## Task brief
After finding the line containing "(* K \<otimes>" below, please output that line and each following one through the line containing "(* Gram matrix", exactly as written.

Collected data
§
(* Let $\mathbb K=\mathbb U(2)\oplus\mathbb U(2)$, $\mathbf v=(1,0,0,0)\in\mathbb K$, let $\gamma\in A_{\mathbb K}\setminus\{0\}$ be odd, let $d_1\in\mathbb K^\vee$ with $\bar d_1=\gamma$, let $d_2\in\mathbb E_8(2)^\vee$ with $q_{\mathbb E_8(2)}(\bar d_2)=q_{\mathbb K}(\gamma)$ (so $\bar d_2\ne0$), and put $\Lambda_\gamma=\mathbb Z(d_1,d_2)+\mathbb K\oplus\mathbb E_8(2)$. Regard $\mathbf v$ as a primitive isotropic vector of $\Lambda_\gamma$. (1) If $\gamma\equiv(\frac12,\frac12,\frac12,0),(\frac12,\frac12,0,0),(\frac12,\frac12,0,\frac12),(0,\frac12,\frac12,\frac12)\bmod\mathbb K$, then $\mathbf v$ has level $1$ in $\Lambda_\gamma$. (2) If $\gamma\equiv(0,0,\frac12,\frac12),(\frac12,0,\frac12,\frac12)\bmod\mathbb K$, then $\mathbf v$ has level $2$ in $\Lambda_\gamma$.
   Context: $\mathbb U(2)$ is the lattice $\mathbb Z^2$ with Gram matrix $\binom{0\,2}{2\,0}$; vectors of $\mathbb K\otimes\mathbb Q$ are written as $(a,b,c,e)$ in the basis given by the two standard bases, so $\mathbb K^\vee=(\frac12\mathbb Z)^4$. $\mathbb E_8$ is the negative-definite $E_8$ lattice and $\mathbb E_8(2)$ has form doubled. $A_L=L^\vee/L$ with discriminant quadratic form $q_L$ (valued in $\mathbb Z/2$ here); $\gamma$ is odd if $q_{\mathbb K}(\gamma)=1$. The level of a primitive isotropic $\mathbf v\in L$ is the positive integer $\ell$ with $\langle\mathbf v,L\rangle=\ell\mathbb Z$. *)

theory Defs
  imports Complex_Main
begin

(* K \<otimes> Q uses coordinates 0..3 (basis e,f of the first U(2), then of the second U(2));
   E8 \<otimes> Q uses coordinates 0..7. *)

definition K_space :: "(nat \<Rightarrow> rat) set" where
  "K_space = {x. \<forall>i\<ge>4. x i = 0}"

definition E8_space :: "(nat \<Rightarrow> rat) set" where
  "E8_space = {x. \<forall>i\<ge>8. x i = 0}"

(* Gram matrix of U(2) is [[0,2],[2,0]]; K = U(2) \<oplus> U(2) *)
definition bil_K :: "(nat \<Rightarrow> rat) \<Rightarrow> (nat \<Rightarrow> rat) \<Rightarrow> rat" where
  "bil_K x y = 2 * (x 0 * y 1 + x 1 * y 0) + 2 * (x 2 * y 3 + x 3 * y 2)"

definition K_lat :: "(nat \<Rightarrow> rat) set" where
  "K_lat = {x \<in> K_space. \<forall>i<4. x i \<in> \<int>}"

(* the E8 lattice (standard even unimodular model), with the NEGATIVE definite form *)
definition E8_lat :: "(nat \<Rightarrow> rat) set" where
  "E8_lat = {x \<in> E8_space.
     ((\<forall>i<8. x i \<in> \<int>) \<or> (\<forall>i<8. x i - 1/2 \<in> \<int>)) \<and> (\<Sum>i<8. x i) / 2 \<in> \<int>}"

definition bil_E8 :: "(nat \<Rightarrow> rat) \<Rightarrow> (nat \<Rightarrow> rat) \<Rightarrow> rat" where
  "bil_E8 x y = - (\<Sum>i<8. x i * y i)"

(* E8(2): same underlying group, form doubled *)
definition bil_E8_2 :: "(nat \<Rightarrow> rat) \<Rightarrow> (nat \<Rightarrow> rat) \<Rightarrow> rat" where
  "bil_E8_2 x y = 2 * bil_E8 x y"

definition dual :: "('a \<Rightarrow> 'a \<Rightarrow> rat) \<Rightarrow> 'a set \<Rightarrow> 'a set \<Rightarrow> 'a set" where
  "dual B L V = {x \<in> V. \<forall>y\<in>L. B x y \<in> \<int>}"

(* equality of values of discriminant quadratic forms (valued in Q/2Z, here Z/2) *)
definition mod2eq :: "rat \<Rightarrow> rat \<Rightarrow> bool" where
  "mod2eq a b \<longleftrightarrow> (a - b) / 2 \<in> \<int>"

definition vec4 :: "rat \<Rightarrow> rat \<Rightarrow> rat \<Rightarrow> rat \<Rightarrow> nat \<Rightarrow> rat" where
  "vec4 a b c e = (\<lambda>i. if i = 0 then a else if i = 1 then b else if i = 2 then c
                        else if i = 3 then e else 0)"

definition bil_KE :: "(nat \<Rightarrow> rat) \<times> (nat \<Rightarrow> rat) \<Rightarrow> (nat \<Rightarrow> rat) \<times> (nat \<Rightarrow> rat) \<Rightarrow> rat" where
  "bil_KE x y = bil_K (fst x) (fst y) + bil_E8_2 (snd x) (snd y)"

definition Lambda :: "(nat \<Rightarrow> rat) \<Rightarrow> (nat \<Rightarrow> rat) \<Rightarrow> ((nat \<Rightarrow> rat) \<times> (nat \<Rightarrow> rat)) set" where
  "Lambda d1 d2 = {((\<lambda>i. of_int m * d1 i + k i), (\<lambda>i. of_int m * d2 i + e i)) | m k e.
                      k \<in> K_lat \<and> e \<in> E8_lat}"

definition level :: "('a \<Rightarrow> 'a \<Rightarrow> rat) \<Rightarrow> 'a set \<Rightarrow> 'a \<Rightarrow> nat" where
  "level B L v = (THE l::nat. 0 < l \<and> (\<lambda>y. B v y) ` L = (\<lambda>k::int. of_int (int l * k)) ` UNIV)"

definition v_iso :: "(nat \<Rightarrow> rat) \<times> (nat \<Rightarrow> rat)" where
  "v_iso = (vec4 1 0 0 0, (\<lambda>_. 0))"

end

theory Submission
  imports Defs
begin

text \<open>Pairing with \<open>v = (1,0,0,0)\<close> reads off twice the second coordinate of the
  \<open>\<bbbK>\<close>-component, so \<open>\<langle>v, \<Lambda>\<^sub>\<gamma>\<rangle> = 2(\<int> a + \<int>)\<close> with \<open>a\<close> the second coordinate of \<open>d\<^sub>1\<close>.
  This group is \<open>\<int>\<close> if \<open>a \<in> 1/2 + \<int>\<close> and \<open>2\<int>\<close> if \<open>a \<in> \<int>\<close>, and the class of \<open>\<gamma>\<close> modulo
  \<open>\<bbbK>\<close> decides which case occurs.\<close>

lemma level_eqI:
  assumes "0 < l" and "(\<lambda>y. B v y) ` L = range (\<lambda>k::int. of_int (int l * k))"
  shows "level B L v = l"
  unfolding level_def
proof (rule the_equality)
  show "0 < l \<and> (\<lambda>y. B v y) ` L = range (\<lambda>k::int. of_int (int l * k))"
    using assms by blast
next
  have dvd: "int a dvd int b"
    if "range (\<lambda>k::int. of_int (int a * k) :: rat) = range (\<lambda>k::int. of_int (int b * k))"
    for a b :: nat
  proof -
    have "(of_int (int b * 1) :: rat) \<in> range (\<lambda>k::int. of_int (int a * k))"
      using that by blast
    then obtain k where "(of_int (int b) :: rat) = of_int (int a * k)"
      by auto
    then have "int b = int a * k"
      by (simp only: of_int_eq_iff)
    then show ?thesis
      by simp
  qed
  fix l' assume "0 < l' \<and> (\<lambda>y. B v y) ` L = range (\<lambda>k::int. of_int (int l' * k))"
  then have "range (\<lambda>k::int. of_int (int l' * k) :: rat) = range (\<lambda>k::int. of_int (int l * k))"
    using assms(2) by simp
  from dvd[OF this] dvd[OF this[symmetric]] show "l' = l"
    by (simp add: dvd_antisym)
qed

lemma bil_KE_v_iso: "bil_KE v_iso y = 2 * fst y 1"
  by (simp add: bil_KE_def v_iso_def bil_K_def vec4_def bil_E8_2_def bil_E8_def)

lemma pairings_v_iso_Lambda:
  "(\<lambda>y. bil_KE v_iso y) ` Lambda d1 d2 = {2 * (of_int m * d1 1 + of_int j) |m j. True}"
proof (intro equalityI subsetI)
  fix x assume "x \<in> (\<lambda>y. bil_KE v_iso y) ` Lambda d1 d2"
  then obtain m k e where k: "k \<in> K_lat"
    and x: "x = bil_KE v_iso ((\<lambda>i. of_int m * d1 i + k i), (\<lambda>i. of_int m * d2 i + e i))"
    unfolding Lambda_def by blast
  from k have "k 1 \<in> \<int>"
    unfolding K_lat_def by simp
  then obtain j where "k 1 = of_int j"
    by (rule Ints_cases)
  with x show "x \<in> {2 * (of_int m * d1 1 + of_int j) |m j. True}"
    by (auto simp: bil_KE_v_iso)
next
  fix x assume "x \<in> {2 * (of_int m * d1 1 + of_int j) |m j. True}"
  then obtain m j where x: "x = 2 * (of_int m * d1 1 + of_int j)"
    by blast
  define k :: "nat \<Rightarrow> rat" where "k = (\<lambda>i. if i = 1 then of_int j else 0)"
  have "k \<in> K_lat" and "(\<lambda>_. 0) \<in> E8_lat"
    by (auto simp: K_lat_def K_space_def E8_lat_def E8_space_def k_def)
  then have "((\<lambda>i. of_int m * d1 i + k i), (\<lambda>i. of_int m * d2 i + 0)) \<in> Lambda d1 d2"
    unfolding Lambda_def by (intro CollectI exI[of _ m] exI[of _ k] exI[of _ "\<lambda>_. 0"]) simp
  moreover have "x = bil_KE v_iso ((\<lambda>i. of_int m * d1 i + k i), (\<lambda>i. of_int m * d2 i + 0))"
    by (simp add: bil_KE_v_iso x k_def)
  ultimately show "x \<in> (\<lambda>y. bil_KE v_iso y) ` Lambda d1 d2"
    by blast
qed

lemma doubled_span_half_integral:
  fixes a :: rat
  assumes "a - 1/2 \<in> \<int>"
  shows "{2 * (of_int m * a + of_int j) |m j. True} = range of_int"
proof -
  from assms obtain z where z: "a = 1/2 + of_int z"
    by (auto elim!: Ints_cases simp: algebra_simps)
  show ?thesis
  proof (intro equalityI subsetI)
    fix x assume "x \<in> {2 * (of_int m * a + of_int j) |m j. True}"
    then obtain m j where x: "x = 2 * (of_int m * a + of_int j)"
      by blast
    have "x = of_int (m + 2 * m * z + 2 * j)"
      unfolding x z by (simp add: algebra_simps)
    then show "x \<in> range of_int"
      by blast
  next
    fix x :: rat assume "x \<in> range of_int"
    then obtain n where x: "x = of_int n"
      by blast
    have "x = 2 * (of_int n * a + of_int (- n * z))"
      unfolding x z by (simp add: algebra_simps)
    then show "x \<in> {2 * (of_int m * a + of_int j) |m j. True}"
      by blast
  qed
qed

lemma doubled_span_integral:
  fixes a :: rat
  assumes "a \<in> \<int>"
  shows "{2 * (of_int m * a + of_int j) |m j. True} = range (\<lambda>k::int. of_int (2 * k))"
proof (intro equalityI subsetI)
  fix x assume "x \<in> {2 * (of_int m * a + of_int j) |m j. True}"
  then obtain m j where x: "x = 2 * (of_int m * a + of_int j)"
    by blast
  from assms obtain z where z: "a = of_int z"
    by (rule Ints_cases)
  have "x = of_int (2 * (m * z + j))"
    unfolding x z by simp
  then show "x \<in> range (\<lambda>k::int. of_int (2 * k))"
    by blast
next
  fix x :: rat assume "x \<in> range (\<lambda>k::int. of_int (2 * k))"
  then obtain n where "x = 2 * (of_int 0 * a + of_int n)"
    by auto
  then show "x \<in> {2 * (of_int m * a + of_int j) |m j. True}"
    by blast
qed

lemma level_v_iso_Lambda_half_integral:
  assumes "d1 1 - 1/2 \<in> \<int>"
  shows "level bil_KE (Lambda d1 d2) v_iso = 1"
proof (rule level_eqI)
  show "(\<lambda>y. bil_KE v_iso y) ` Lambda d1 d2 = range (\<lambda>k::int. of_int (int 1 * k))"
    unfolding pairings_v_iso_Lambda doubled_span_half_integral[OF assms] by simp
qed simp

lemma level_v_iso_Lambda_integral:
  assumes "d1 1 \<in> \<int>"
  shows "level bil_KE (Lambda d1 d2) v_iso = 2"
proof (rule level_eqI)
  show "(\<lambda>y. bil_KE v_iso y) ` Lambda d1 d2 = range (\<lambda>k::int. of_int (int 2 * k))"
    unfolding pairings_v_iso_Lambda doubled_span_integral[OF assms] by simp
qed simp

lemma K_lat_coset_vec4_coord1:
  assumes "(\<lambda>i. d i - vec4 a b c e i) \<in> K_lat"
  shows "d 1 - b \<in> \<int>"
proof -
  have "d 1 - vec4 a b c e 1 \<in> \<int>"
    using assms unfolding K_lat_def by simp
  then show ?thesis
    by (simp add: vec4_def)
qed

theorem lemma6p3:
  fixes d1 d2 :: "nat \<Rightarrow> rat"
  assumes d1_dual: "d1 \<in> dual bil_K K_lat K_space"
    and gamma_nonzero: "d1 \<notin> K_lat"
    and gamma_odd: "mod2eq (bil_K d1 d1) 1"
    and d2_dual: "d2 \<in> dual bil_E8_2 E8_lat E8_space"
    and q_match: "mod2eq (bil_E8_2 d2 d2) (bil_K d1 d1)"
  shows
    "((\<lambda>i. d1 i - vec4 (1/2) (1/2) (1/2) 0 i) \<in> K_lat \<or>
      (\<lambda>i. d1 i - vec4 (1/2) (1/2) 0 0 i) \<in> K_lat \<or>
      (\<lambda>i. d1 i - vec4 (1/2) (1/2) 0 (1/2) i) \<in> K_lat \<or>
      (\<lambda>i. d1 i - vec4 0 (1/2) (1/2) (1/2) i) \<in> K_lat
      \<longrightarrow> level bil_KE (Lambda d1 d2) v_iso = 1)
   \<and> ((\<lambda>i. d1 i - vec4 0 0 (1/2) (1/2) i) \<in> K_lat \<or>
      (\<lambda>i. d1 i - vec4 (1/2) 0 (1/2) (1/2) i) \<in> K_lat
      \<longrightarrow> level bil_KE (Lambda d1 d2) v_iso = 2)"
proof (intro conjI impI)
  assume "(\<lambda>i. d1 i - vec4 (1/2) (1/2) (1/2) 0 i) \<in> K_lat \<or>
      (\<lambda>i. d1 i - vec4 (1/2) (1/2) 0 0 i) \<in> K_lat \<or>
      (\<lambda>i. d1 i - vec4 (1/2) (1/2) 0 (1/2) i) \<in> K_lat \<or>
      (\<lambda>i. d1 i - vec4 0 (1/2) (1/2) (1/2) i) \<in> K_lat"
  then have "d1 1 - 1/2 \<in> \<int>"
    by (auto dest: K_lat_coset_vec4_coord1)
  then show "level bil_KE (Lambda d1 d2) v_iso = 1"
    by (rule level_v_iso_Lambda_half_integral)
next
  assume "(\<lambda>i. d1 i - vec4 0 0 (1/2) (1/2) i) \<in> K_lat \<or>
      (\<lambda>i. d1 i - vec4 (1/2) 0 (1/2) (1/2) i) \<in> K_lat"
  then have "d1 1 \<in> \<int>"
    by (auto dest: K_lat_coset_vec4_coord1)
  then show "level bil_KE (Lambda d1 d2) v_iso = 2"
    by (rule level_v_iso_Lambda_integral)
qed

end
§
## Exercise solution
(* K \<otimes> Q uses coordinates 0..3 (basis e,f of the first U(2), then of the second U(2));
   E8 \<otimes> Q uses coordinates 0..7. *)

definition K_space :: "(nat \<Rightarrow> rat) set" where
  "K_space = {x. \<forall>i\<ge>4. x i = 0}"

definition E8_space :: "(nat \<Rightarrow> rat) set" where
  "E8_space = {x. \<forall>i\<ge>8. x i = 0}"

(* Gram matrix of U(2) is [[0,2],[2,0]]; K = U(2) \<oplus> U(2) *)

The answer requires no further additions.